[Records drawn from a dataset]
(* For positive integers $p,q$, the transition functions satisfy: (1) $\tau^p_q(n+p)=\tau^p_q(n)+q$ for each $n\in\mathbb{N}$; (2) $\tau^p_q$ is order-preserving; (3) $\tau^q_p\circ\tau^p_q\le\mathrm{id}_{\mathbb{N}}$ (pointwise); (4) $\tau^q_p\circ\tau^p_q=\mathrm{id}_{\mathbb{N}}$ if $p\le q$; (5) $(\tau^p_q)^{-1}(0)=\{0\}$ if either $p=q=1$ or $p,q\ge 2$.
   Context: $\mathbb{N}=\{0,1,2,\dots\}$. For positive integers $p,q$, the transition function $\tau^p_q:\mathbb{N}\to\mathbb{N}$ is defined by $\tau^p_q(mp+n)=mq+\min\{n,q-1\}$ for $m\in\mathbb{N}$ and $0\le n<p$. *)

theory Defs
  imports Main
begin

definition tau :: "nat \<Rightarrow> nat \<Rightarrow> nat \<Rightarrow> nat" where
  "tau p q x = (x div p) * q + min (x mod p) (q - 1)"

end

theory Submission
  imports Defs
begin

text \<open>The function tau p q sends the p-block starting at m p into the q-block starting at
  m q, truncating the offset at q - 1; the round trip tau q p \<circ> tau p q therefore only truncates
  the offset at min p q - 1.\<close>

lemma tau_mult_add:
  assumes "r < p"
  shows "tau p q (m * p + r) = m * q + min r (q - 1)"
  using assms by (simp add: tau_def)

lemma tau_add_period:
  assumes "p > 0"
  shows "tau p q (n + p) = tau p q n + q"
  using assms by (simp add: tau_def div_add_self2 algebra_simps)

lemma tau_mono:
  assumes "p > 0" "q > 0" "x \<le> y"
  shows "tau p q x \<le> tau p q y"
proof (cases "x div p = y div p")
  case True
  then have "x mod p \<le> y mod p"
    using assms by (metis add_le_cancel_left div_mult_mod_eq)
  with True show ?thesis by (simp add: tau_def)
next
  case False
  then have "x div p < y div p"
    using assms(3) div_le_mono le_neq_implies_less by blast
  have "tau p q x \<le> x div p * q + (q - 1)" by (simp add: tau_def)
  also have "\<dots> < (x div p + 1) * q" using assms by simp
  also have "\<dots> \<le> y div p * q" using \<open>x div p < y div p\<close> by (intro mult_right_mono) auto
  also have "\<dots> \<le> tau p q y" by (simp add: tau_def)
  finally show ?thesis by simp
qed

lemma mono_tau:
  assumes "p > 0" "q > 0"
  shows "mono (tau p q)"
  using assms by (auto intro: monoI tau_mono)

lemma tau_tau:
  assumes "p > 0" "q > 0"
  shows "tau q p (tau p q n) = n div p * p + min (n mod p) (min p q - 1)"
proof -
  have "min (n mod p) (q - 1) < q" using assms by simp
  then have "tau q p (tau p q n) = n div p * p + min (min (n mod p) (q - 1)) (p - 1)"
    unfolding tau_def[of p q n] by (rule tau_mult_add)
  also have "min (min (n mod p) (q - 1)) (p - 1) = min (n mod p) (min p q - 1)"
    by linarith
  finally show ?thesis .
qed

lemma tau_tau_le:
  assumes "p > 0" "q > 0"
  shows "tau q p (tau p q n) \<le> n"
proof -
  have "tau q p (tau p q n) = n div p * p + min (n mod p) (min p q - 1)"
    using assms by (rule tau_tau)
  also have "\<dots> \<le> n div p * p + n mod p" by (rule add_left_mono) simp
  also have "\<dots> = n" by simp
  finally show ?thesis .
qed

lemma tau_tau_id:
  assumes "p > 0" "p \<le> q"
  shows "tau q p \<circ> tau p q = id"
proof
  fix n
  have "n mod p < p" using assms by simp
  then have "min (n mod p) (min p q - 1) = n mod p" using \<open>p \<le> q\<close> by simp
  then show "(tau q p \<circ> tau p q) n = id n" using assms by (simp add: tau_tau)
qed

lemma tau_eq_0_iff:
  assumes "p > 0" "q > 0"
  shows "tau p q n = 0 \<longleftrightarrow> n = 0 \<or> (n < p \<and> q = 1)"
  using assms by (auto simp: tau_def div_eq_0_iff)

theorem proposition2p3:
  fixes p q :: nat
  assumes "p > 0" and "q > 0"
  shows "(\<forall>n. tau p q (n + p) = tau p q n + q)
    \<and> mono (tau p q)
    \<and> (\<forall>n. tau q p (tau p q n) \<le> n)
    \<and> (p \<le> q \<longrightarrow> tau q p \<circ> tau p q = id)
    \<and> ((p = 1 \<and> q = 1) \<or> (p \<ge> 2 \<and> q \<ge> 2) \<longrightarrow> tau p q -` {0} = {0})"
proof (intro conjI allI impI)
  assume "(p = 1 \<and> q = 1) \<or> (p \<ge> 2 \<and> q \<ge> 2)"
  then have "tau p q n = 0 \<longleftrightarrow> n = 0" for n
    using assms by (auto simp: tau_eq_0_iff)
  then show "tau p q -` {0} = {0}" by auto
qed (use assms in \<open>simp_all add: tau_add_period mono_tau tau_tau_le tau_tau_id\<close>)

end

Task to complete: From the entries above, print the lines beginning at the one with "div p = y div" and stopping after the one with "q\<close> by simp", exactly as written and with nothing else.

Response area:
proof (cases "x div p = y div p")
  case True
  then have "x mod p \<le> y mod p"
    using assms by (metis add_le_cancel_left div_mult_mod_eq)
  with True show ?thesis by (simp add: tau_def)
next
  case False
  then have "x div p < y div p"
    using assms(3) div_le_mono le_neq_implies_less by blast
  have "tau p q x \<le> x div p * q + (q - 1)" by (simp add: tau_def)
  also have "\<dots> < (x div p + 1) * q" using assms by simp
  also have "\<dots> \<le> y div p * q" using \<open>x div p < y div p\<close> by (intro mult_right_mono) auto
  also have "\<dots> \<le> tau p q y" by (simp add: tau_def)
  finally show ?thesis by simp
qed

lemma mono_tau:
  assumes "p > 0" "q > 0"
  shows "mono (tau p q)"
  using assms by (auto intro: monoI tau_mono)

lemma tau_tau:
  assumes "p > 0" "q > 0"
  shows "tau q p (tau p q n) = n div p * p + min (n mod p) (min p q - 1)"
proof -
  have "min (n mod p) (q - 1) < q" using assms by simp
  then have "tau q p (tau p q n) = n div p * p + min (min (n mod p) (q - 1)) (p - 1)"
    unfolding tau_def[of p q n] by (rule tau_mult_add)
  also have "min (min (n mod p) (q - 1)) (p - 1) = min (n mod p) (min p q - 1)"
    by linarith
  finally show ?thesis .
qed

lemma tau_tau_le:
  assumes "p > 0" "q > 0"
  shows "tau q p (tau p q n) \<le> n"
proof -
  have "tau q p (tau p q n) = n div p * p + min (n mod p) (min p q - 1)"
    using assms by (rule tau_tau)
  also have "\<dots> \<le> n div p * p + n mod p" by (rule add_left_mono) simp
  also have "\<dots> = n" by simp
  finally show ?thesis .
qed

lemma tau_tau_id:
  assumes "p > 0" "p \<le> q"
  shows "tau q p \<circ> tau p q = id"
proof
  fix n
  have "n mod p < p" using assms by simp
  then have "min (n mod p) (min p q - 1) = n mod p" using \<open>p \<le> q\<close> by simp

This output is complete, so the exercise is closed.